Your instructions: Filter the records below, keeping only lines with the string "close".

Data to process:
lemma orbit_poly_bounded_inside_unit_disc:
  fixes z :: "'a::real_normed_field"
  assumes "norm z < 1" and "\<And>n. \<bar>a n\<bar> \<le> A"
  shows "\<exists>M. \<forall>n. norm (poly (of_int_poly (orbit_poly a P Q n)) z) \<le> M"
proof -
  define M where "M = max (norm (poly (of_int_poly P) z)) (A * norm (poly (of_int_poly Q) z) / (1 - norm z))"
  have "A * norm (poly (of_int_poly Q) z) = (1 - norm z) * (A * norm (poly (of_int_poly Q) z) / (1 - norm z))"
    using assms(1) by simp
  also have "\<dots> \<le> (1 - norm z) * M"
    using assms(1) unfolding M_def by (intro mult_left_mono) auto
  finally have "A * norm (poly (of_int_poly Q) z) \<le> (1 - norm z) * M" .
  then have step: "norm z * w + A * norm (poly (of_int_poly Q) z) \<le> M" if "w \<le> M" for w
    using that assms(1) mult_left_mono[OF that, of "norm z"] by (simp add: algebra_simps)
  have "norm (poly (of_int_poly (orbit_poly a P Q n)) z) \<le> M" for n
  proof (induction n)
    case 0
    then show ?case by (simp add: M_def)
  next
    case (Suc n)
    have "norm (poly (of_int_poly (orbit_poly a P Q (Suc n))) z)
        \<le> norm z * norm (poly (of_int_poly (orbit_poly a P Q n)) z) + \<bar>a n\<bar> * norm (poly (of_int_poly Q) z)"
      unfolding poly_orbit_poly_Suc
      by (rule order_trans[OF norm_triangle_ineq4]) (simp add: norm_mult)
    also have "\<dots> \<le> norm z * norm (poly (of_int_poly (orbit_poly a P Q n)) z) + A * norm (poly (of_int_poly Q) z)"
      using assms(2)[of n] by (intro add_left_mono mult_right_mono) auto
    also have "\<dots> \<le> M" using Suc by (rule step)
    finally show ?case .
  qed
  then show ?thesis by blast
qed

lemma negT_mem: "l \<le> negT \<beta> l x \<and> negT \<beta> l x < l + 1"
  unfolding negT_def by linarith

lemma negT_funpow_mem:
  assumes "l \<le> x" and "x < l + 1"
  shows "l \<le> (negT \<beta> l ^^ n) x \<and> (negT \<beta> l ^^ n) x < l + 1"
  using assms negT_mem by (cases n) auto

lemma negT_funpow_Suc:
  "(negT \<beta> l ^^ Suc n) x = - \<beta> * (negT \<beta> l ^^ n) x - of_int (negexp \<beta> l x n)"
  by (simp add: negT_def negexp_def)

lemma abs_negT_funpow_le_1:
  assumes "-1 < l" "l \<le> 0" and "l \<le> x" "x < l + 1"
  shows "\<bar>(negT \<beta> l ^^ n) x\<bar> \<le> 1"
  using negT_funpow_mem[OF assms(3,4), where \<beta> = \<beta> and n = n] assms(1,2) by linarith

* * *

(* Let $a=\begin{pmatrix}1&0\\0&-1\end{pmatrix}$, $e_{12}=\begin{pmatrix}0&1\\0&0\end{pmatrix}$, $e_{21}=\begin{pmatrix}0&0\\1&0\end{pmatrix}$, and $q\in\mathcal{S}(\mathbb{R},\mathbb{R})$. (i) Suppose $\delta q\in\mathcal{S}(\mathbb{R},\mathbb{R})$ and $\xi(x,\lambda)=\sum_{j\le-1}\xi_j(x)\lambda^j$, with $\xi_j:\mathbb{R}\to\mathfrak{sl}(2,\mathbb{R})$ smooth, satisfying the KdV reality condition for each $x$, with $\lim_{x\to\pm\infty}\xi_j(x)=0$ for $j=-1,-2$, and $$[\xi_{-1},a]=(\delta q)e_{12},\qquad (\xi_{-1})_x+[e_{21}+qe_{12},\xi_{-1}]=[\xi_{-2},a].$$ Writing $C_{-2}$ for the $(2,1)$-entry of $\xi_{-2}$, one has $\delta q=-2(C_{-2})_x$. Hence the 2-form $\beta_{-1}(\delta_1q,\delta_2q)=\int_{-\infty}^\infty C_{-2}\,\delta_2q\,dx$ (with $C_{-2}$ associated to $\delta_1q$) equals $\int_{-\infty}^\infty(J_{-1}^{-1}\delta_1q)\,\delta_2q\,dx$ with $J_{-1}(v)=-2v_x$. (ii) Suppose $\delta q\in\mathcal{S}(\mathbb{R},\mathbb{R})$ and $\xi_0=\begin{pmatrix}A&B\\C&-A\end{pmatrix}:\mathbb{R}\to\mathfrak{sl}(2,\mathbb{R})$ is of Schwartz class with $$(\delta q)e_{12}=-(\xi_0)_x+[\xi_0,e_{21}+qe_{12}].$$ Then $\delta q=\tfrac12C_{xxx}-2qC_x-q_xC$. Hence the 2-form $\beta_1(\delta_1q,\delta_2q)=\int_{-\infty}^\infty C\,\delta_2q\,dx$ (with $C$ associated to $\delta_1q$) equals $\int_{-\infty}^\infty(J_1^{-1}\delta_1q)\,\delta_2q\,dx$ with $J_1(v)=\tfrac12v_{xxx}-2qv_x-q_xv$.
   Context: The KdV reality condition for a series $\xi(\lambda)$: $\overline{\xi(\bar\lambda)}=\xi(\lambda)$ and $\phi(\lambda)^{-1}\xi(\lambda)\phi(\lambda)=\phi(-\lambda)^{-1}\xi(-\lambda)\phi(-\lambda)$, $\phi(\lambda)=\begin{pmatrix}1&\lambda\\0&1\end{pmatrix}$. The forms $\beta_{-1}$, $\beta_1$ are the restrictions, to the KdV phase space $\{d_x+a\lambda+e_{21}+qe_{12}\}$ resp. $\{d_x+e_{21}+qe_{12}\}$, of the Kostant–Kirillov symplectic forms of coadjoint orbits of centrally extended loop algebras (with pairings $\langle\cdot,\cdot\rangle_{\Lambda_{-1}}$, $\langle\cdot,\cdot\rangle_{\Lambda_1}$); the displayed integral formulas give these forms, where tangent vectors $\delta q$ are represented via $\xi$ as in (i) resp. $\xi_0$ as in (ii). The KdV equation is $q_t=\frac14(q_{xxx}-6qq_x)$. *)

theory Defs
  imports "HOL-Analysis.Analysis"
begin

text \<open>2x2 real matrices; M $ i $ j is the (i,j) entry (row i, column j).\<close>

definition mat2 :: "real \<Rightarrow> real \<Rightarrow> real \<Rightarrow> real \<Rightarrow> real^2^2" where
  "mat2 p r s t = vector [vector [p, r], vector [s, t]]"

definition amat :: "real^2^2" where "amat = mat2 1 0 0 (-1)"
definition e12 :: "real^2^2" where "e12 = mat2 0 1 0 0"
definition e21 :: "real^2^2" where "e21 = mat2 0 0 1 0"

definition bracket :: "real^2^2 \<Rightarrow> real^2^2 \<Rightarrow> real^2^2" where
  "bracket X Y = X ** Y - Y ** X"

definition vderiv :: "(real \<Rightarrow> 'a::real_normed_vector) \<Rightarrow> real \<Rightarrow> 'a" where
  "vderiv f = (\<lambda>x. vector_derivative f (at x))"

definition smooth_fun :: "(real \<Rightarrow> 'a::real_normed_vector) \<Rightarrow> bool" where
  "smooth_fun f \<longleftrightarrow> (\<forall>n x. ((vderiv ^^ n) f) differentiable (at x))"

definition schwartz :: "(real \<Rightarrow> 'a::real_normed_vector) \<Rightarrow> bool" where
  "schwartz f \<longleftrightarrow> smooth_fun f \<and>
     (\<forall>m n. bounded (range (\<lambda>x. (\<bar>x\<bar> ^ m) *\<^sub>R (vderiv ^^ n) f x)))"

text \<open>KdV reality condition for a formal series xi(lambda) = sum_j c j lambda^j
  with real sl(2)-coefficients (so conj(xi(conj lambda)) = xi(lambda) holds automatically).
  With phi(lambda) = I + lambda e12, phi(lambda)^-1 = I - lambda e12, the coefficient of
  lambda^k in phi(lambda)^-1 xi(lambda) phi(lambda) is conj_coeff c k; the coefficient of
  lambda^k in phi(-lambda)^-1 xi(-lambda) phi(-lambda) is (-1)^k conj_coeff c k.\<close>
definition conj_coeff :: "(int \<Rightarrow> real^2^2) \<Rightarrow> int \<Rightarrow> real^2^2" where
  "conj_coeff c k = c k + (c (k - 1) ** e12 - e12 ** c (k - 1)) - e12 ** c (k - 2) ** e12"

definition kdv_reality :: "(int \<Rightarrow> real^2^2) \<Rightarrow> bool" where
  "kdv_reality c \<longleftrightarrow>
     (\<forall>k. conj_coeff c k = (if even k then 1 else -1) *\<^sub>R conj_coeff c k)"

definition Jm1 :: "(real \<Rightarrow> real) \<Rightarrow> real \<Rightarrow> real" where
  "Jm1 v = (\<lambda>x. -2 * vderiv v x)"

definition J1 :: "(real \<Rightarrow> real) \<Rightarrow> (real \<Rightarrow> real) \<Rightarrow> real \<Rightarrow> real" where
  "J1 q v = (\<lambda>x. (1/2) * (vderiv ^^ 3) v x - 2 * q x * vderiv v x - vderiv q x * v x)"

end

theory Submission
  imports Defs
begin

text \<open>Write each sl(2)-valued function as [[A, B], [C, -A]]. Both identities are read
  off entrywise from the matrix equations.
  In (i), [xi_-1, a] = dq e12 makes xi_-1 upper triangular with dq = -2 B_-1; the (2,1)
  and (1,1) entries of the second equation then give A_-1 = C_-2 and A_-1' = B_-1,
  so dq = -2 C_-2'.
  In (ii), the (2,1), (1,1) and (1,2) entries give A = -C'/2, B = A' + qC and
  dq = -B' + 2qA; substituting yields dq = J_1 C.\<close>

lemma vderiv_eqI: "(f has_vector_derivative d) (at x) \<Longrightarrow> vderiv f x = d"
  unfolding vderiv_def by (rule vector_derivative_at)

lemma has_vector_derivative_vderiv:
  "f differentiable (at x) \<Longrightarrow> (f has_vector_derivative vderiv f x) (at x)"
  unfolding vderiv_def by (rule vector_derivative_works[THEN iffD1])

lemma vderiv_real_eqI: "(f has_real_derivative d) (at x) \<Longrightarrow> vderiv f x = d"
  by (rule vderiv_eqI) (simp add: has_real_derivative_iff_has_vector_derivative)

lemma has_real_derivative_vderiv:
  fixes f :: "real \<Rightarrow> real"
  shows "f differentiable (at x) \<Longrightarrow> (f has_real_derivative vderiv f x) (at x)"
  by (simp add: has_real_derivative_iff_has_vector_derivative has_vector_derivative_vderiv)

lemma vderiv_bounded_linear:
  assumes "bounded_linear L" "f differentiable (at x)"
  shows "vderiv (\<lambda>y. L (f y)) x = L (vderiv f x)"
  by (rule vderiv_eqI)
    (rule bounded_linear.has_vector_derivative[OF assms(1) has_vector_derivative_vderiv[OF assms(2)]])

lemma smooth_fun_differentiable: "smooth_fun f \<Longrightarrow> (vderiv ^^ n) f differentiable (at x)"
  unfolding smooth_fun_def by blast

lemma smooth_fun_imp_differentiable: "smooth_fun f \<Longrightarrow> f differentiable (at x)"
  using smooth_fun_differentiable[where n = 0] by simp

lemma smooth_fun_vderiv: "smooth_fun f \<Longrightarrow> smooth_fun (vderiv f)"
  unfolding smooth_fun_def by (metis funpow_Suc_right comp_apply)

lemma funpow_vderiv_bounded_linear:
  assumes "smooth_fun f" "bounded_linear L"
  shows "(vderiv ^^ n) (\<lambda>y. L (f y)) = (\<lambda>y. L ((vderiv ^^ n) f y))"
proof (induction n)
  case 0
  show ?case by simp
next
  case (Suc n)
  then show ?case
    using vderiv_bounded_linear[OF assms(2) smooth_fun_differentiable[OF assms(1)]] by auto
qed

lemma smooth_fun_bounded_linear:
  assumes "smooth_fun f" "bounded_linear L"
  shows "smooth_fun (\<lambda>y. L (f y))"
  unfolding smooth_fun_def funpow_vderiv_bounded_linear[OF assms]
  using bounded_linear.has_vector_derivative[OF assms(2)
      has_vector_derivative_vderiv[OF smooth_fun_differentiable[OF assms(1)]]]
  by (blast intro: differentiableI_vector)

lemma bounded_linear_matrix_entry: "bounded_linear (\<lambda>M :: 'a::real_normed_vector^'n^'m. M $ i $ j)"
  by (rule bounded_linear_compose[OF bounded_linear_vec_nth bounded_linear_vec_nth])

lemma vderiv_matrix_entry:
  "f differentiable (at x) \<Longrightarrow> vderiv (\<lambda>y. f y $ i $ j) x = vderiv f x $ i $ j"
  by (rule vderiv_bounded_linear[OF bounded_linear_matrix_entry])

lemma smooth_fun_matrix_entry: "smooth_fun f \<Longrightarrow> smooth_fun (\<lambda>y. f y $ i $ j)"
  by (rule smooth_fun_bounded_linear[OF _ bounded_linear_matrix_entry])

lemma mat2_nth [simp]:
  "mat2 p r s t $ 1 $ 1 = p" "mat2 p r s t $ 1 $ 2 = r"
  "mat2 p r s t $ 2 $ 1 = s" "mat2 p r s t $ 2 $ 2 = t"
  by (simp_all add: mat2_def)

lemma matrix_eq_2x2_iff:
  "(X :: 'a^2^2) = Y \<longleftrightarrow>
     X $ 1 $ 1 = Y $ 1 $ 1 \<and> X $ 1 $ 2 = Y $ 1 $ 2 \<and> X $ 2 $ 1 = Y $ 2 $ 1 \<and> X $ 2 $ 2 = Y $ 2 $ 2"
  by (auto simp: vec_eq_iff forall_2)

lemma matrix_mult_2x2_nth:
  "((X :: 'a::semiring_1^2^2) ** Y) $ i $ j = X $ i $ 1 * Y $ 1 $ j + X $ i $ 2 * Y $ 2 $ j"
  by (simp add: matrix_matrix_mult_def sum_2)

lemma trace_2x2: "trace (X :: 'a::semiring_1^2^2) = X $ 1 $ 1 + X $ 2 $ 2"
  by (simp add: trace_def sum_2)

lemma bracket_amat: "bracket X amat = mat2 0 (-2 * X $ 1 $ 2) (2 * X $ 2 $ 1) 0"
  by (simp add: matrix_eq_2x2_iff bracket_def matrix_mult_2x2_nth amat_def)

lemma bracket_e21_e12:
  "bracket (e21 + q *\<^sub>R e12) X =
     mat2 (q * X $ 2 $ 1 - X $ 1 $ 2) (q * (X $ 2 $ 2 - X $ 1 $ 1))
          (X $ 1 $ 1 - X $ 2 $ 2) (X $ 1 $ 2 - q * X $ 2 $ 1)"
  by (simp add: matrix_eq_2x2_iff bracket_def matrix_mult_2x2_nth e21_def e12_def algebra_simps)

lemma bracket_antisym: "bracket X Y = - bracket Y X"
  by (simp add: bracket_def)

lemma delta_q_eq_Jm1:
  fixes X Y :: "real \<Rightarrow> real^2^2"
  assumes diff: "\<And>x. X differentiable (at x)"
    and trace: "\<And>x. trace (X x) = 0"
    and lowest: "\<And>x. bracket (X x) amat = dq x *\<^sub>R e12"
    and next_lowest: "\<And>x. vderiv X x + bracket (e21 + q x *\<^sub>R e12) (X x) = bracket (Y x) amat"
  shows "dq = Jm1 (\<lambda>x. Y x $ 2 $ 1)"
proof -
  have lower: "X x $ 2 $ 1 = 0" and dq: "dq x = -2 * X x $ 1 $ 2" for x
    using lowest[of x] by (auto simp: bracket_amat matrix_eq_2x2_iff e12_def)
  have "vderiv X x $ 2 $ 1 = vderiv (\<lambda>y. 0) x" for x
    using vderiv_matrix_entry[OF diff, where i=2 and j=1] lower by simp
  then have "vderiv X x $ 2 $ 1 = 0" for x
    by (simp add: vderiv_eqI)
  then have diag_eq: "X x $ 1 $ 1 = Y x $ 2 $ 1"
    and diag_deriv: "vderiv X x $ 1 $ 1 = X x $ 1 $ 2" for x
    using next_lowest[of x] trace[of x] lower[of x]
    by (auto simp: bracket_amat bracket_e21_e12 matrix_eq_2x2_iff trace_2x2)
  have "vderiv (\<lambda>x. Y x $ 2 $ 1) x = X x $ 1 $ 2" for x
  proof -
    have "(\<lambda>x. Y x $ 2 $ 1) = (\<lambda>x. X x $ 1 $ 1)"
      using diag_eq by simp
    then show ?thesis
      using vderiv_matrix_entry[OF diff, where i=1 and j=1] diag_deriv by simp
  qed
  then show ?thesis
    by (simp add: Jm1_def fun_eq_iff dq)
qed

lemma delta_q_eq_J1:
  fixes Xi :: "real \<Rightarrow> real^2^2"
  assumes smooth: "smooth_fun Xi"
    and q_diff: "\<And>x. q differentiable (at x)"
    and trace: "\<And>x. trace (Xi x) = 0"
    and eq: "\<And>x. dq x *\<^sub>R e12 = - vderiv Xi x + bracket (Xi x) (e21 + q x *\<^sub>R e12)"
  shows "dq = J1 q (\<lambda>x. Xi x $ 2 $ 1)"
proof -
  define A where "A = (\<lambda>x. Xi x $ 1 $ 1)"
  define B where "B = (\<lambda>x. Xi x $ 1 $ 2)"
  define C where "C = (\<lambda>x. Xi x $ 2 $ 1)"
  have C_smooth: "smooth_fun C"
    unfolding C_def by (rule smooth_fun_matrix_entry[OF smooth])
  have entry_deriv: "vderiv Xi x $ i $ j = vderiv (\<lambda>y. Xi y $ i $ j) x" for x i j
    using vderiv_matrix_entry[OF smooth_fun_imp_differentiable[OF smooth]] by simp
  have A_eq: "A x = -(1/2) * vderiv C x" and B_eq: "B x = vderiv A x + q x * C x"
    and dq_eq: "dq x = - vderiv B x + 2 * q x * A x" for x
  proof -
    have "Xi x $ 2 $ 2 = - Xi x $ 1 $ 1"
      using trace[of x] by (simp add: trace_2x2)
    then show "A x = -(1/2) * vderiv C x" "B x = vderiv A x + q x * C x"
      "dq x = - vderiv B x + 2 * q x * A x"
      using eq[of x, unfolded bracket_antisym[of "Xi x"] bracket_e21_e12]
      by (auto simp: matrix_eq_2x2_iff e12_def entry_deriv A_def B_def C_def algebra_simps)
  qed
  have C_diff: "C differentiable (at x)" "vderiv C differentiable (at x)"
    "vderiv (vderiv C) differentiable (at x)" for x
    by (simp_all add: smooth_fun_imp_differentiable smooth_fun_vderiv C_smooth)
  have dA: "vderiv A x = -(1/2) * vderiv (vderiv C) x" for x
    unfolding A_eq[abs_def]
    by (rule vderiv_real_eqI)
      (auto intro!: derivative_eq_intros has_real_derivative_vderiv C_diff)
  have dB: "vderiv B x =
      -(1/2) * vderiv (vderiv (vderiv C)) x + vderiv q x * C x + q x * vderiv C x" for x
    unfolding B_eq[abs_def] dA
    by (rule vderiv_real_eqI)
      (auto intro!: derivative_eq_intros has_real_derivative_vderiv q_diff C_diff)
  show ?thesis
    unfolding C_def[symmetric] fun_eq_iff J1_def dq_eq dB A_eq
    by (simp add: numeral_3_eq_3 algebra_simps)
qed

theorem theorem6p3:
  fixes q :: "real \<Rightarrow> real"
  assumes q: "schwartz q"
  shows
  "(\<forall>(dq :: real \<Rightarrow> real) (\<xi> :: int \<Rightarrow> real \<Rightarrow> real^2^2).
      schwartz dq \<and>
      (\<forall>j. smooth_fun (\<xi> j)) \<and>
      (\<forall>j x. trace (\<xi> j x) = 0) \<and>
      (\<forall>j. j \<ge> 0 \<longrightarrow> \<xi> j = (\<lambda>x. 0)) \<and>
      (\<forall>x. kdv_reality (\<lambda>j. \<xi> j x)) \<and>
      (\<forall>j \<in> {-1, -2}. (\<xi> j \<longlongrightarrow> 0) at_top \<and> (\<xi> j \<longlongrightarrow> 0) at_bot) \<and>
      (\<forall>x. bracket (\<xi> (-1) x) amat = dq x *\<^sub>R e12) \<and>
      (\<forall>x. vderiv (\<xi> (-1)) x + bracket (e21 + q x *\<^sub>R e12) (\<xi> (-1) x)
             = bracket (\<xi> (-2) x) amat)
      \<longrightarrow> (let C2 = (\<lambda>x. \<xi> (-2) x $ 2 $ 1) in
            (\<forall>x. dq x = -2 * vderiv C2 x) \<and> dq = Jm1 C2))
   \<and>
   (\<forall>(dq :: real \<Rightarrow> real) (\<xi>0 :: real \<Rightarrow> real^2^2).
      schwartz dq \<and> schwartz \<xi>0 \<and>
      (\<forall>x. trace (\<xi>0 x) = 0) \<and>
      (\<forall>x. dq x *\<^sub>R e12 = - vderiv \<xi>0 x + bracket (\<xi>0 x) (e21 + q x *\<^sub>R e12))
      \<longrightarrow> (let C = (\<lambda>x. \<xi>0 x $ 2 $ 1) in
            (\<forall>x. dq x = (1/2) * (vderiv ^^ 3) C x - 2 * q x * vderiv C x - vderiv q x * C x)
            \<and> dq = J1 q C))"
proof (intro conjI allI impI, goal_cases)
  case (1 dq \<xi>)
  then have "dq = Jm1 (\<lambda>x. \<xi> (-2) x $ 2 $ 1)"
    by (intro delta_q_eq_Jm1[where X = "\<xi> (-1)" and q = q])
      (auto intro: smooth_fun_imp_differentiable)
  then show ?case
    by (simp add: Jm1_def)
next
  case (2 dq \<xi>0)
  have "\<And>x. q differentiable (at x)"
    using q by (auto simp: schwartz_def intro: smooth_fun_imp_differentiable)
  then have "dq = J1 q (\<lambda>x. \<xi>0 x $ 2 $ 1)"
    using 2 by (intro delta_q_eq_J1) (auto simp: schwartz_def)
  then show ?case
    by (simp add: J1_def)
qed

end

Answer section:
text \<open>2x2 real matrices; M $ i $ j is the (i,j) entry (row i, column j).\<close>
  lambda^k in phi(-lambda)^-1 xi(-lambda) phi(-lambda) is (-1)^k conj_coeff c k.\<close>
  dq = -B' + 2qA; substituting yields dq = J_1 C.\<close>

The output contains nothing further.